Pero no era suficiente. Más wyverns llegaban, y con ellos, criaturas de sombra y fuego que emergían de las murallas como si la ciudad misma estuviera vomitando su odio.

«¡Ahora, Issei!», gritó Georgios, mientras su espada partía a otro wyvern. «¡Nosotros nos encargamos de esto! ¡Ve!»

Issei no necesitó que se lo repitieran. Con un gesto, lideró a su grupo hacia adelante, sorteando los cuerpos caídos y las explosiones de fuego que los wyverns lanzaban desde las alturas. Mash iba a su lado, su escudo protegiéndolos de los ataques que se desviaban hacia ellos. Tamamo y Nero flanqueaban, eliminando a los pocos wyverns que se interponían en su camino.

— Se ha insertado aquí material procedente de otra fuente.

lemma power_sub_power_minus_one:
  fixes x :: "'a::comm_ring_1"
  shows "x ^ m - (x - 1) ^ m = - (\<Sum>r<m. of_nat (m choose r) * (-1)^(m-r) * x^r)"
proof -
  have "(x - 1) ^ m = (\<Sum>r\<le>m. of_nat (m choose r) * x^r * (-1)^(m-r))"
    using binomial_ring[of x "-1" m] by simp
  also have "\<dots> = (\<Sum>r<m. of_nat (m choose r) * (-1)^(m-r) * x^r) + x ^ m"
    by (simp add: lessThan_Suc_atMost[symmetric] mult_ac)
  finally show ?thesis
    by simp
qed

lemma alternating_choose_power_sum:
  fixes c :: "'a::{comm_ring_1,ring_char_0}"
  assumes "m \<le> N"
  shows "(\<Sum>i\<le>N. (-1)^i * of_nat (N choose i) * (c - of_nat i)^m) = (if m = N then fact N else 0)"
  using assms
proof (induction N arbitrary: m)
  case 0
  then show ?case by simp
next
  case (Suc N)
  have "(\<Sum>i\<le>Suc N. (-1)^i * of_nat (Suc N choose i) * (c - of_nat i)^m)
      = (\<Sum>i\<le>N. (-1)^i * of_nat (N choose i) * ((c - of_nat i)^m - (c - of_nat (Suc i))^m))"
    by (rule alternating_choose_sum_Suc)
  also have "\<dots> = (\<Sum>i\<le>N. (-1)^i * of_nat (N choose i) *
        (- (\<Sum>r<m. of_nat (m choose r) * (-1)^(m-r) * (c - of_nat i)^r)))"
  proof (intro sum.cong refl)
    fix i
    have "c - of_nat (Suc i) = (c - of_nat i) - 1"
      by simp
    then show "(-1)^i * of_nat (N choose i) * ((c - of_nat i)^m - (c - of_nat (Suc i))^m)
       = (-1)^i * of_nat (N choose i) * (- (\<Sum>r<m. of_nat (m choose r) * (-1)^(m-r) * (c - of_nat i)^r))"
      by (simp only: power_sub_power_minus_one)
  qed
  also have "\<dots> = - (\<Sum>r<m. of_nat (m choose r) * (-1)^(m-r) *
          (\<Sum>i\<le>N. (-1)^i * of_nat (N choose i) * (c - of_nat i)^r))"
    by (simp add: sum_distrib_left sum_negf[symmetric] sum.swap[of _ "{..<m}"] algebra_simps)
  also have "\<dots> = - (\<Sum>r<m. of_nat (m choose r) * (-1)^(m-r) * (if r = N then fact N else 0))"
    using Suc.prems by (intro arg_cong[where f=uminus] sum.cong refl) (simp add: Suc.IH)
  also have "\<dots> = (if m = Suc N then fact (Suc N) else 0)"
  proof (cases "m = Suc N")
    case True
    then have "(\<Sum>r<m. of_nat (m choose r) * (-1)^(m-r) * (if r = N then fact N else 0))
        = of_nat (m choose N) * (-1)^(m-N) * (fact N :: 'a)"
      by (subst sum.remove[of _ N]) auto
    with True show ?thesis by (simp add: algebra_simps)
  next
    case False
    with Suc.prems show ?thesis by (auto intro!: sum.neutral)
  qed
  finally show ?case .
qed

lemma bspline_altdef:
  "bspline n x = (\<Sum>j\<le>n. (-1) ^ j * real (n choose j) * plus_pow (real n / 2 + x - real j) (n - 1))
                 / fact (n - 1)"
  unfolding bspline_def by (simp add: atLeast0AtMost)

lemma bspline_eq_0_left:
  assumes "x < - real n / 2"
  shows "bspline n x = 0"
  unfolding bspline_altdef plus_pow_def using assms by (auto intro!: sum.neutral)

lemma bspline_eq_0_right:
  assumes n: "n \<ge> 1" and x: "x > real n / 2"
  shows "bspline n x = 0"
proof -
  have "(\<Sum>j\<le>n. (-1) ^ j * real (n choose j) * plus_pow (real n / 2 + x - real j) (n - 1))
      = (\<Sum>j\<le>n. (-1) ^ j * real (n choose j) * ((real n / 2 + x) - real j) ^ (n - 1))"
    using x by (intro sum.cong refl) (simp add: plus_pow_def)
  also have "\<dots> = 0"
    using n by (subst alternating_choose_power_sum) auto
  finally show ?thesis
    unfolding bspline_altdef by simp
qed

lemma abs_bspline_le:
  assumes n: "n \<ge> 1"
  shows "\<bar>bspline n x\<bar> \<le> 2 ^ n * real n ^ (n - 1)"
proof (cases "x \<le> real n / 2")
  case True
  have "\<bar>\<Sum>j\<le>n. (-1) ^ j * real (n choose j) * plus_pow (real n / 2 + x - real j) (n - 1)\<bar>
      \<le> (\<Sum>j\<le>n. real (n choose j) * real n ^ (n - 1))"
  proof (rule order_trans[OF sum_abs sum_mono])
    fix j
    have "\<bar>plus_pow (real n / 2 + x - real j) (n - 1)\<bar> \<le> real n ^ (n - 1)"
      unfolding plus_pow_def using True by (auto intro!: power_mono)
    then show "\<bar>(-1) ^ j * real (n choose j) * plus_pow (real n / 2 + x - real j) (n - 1)\<bar>
        \<le> real (n choose j) * real n ^ (n - 1)"
      by (simp add: abs_mult mult_left_mono)
  qed
  also have "\<dots> = 2 ^ n * real n ^ (n - 1)"
    by (simp add: sum_distrib_right[symmetric] choose_row_sum[symmetric]
                  of_nat_sum[symmetric] del: of_nat_sum)
  also have "\<dots> \<le> 2 ^ n * real n ^ (n - 1) * fact (n - 1)"
    using mult_left_mono[OF fact_ge_1[of "n - 1"], of "2 ^ n * real n ^ (n - 1)"] by simp
  finally show ?thesis
    unfolding bspline_altdef by (simp add: divide_le_eq)
next
  case False
  then show ?thesis using bspline_eq_0_right[OF n] by simp
qed

definition spline_node :: "nat \<Rightarrow> real \<Rightarrow> nat \<Rightarrow> int" where
  "spline_node n y i = \<lceil>y - real n / 2\<rceil> + int i"

lemma spline_node_ge: "y - real n / 2 \<le> spline_node n y i"
  unfolding spline_node_def by linarith

lemma spline_node_le:
  assumes "i \<le> n"
  shows "spline_node n y i \<le> y + real n / 2 + 1"
  unfolding spline_node_def using assms by linarith

lemma bspline_eq_0_off_nodes:
  assumes n: "n \<ge> 1" and k: "k \<notin> spline_node n y ` {..n}"
  shows "bspline n (y - real_of_int k) = 0"
proof -
  define k0 where "k0 = \<lceil>y - real n / 2\<rceil>"
  have "k < k0 \<or> k > k0 + int n"
  proof (rule ccontr)
    assume "\<not> (k < k0 \<or> k > k0 + int n)"
    then have "k = spline_node n y (nat (k - k0))" "nat (k - k0) \<in> {..n}"
      unfolding spline_node_def k0_def by auto
    with k show False by blast
  qed
  then show ?thesis
  proof
    assume "k < k0"
    then have "y - real_of_int k > real n / 2" unfolding k0_def by linarith
    then show ?thesis by (rule bspline_eq_0_right[OF n])
  next
    assume "k > k0 + int n"
    then have "y - real_of_int k < - real n / 2" unfolding k0_def by linarith
    then show ?thesis by (rule bspline_eq_0_left)
  qed
qed

lemma sum_bspline_nodes:
  assumes n: "n \<ge> 1"
  shows "(\<Sum>i\<le>n. bspline n (y - spline_node n y i)) = 1"
proof -
  obtain N where N: "n = Suc N" using n by (cases n) auto
  define z where "z = y + real n / 2"
  define k0 where "k0 = real_of_int \<lceil>y - real n / 2\<rceil>"
  have k0: "z - real n \<le> k0" "k0 < z - real n + 1"
    unfolding k0_def z_def by linarith+
  define Q where "Q r k = (\<Sum>j\<le>r. (-1)^j * real (r choose j) * plus_pow (z - k - real j) N)" for r k
  have bspline_Q: "bspline n (y - spline_node n y i) = Q n (k0 + real i) / fact N" for i
    unfolding bspline_altdef Q_def k0_def z_def spline_node_def N by (simp add: algebra_simps)
  have Q_Suc: "Q n k = Q N k - Q N (k + 1)" for k
    unfolding Q_def N
    by (subst alternating_choose_sum_Suc)
       (simp add: sum_subtractf right_diff_distrib diff_diff_eq add_ac del: sum.atMost_Suc)
  have "(\<Sum>i\<le>n. Q n (k0 + real i)) = (\<Sum>i\<le>n. Q N (k0 + real i) - Q N (k0 + real (Suc i)))"
    by (intro sum.cong refl) (simp add: Q_Suc add_ac)
  also have "\<dots> = Q N k0 - Q N (k0 + real (Suc n))"
    by (subst sum_telescope[where f="\<lambda>i. Q N (k0 + real i)"]) simp
  also have "Q N (k0 + real (Suc n)) = 0"
    unfolding Q_def plus_pow_def using k0 by (auto intro!: sum.neutral)
  also have "Q N k0 = (\<Sum>j\<le>N. (-1)^j * real (N choose j) * ((z - k0) - real j) ^ N)"
    unfolding Q_def plus_pow_def using k0 N by (intro sum.cong refl) auto
  also have "\<dots> = fact N"
    by (subst alternating_choose_power_sum) auto
  finally show ?thesis
    unfolding bspline_Q sum_divide_distrib[symmetric] by simp
qed

definition cell_mean :: "real \<Rightarrow> (real \<Rightarrow> real) \<Rightarrow> int \<Rightarrow> real" where
  "cell_mean w f k = w * (LINT u:{real_of_int k / w .. (real_of_int k + 1) / w}|lebesgue. f u)"

lemma S_op_eq_sum_nodes:
  assumes n: "n \<ge> 1"
  shows "S_op n g w f x = (\<Sum>i\<le>n. bspline n (w * x - spline_node n (w * x) i) *
                                     g w (cell_mean w f (spline_node n (w * x) i)))"
proof -
  define h where "h k = bspline n (w * x - real_of_int k) * g w (cell_mean w f k)" for k
  have "S_op n g w f x = infsum h UNIV"
    unfolding S_op_def h_def cell_mean_def ..
  also have "\<dots> = infsum h (spline_node n (w * x) ` {..n})"
    by (rule infsum_cong_neutral) (auto simp: h_def bspline_eq_0_off_nodes[OF n])
  also have "\<dots> = sum h (spline_node n (w * x) ` {..n})"
    by simp
  also have "\<dots> = (\<Sum>i\<le>n. h (spline_node n (w * x) i))"
    by (subst sum.reindex) (auto simp: inj_on_def spline_node_def)
  finally show ?thesis
    unfolding h_def .
qed

section \<open>\<open>\<phi>\<close>-functions and Orlicz spaces\<close>

lemma phi_function_nonneg:
  assumes "phi_function \<phi>" "0 \<le> v"
  shows "0 \<le> \<phi> v"
  using assms mono_onD[of "{0..}" \<phi> 0 v] unfolding phi_function_def by simp

lemma phi_function_mono:
  assumes "phi_function \<phi>" "0 \<le> u" "u \<le> v"
  shows "\<phi> u \<le> \<phi> v"
  using assms mono_onD[of "{0..}" \<phi> u v] unfolding phi_function_def by simp

lemma borel_measurable_phi_function_abs:
  assumes "phi_function \<phi>"
  shows "(\<lambda>v. \<phi> \<bar>v\<bar>) \<in> borel_measurable borel"
proof (rule borel_measurable_continuous_onI)
  have "continuous_on {0..} \<phi>" using assms unfolding phi_function_def by simp
  then show "continuous_on UNIV (\<lambda>v. \<phi> \<bar>v\<bar>)"
    by (rule continuous_on_compose2[OF _ continuous_on_rabs[OF continuous_on_id]]) auto
qed

lemma convex_on_scale_le:
  fixes \<phi> :: "real \<Rightarrow> real"
  assumes "convex_on {0..} \<phi>" "\<phi> 0 = 0" "0 \<le> s" "s \<le> 1" "0 \<le> v"
  shows "\<phi> (s * v) \<le> s * \<phi> v"
  using convex_onD[OF assms(1), of s 0 v] assms by simp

Jeanne cerraba la marcha, su estandarte brillando con una luz que parecía purificar el aire a su paso.

La puerta principal de Orleans estaba a menos de cien metros cuando la primera figura emergió de las sombras.

Era elegante, incluso en su corrupción. Un vestido negro y rojo que se movía como una extensión de su cuerpo. Garras de metal que brillaban con un hambre perpetua. Una sonrisa que era puro veneno.

Carmilla. La condesa Bathory. La versión adulta de Elizabeth, la que había abrazado la monstruosidad en lugar de luchar contra ella.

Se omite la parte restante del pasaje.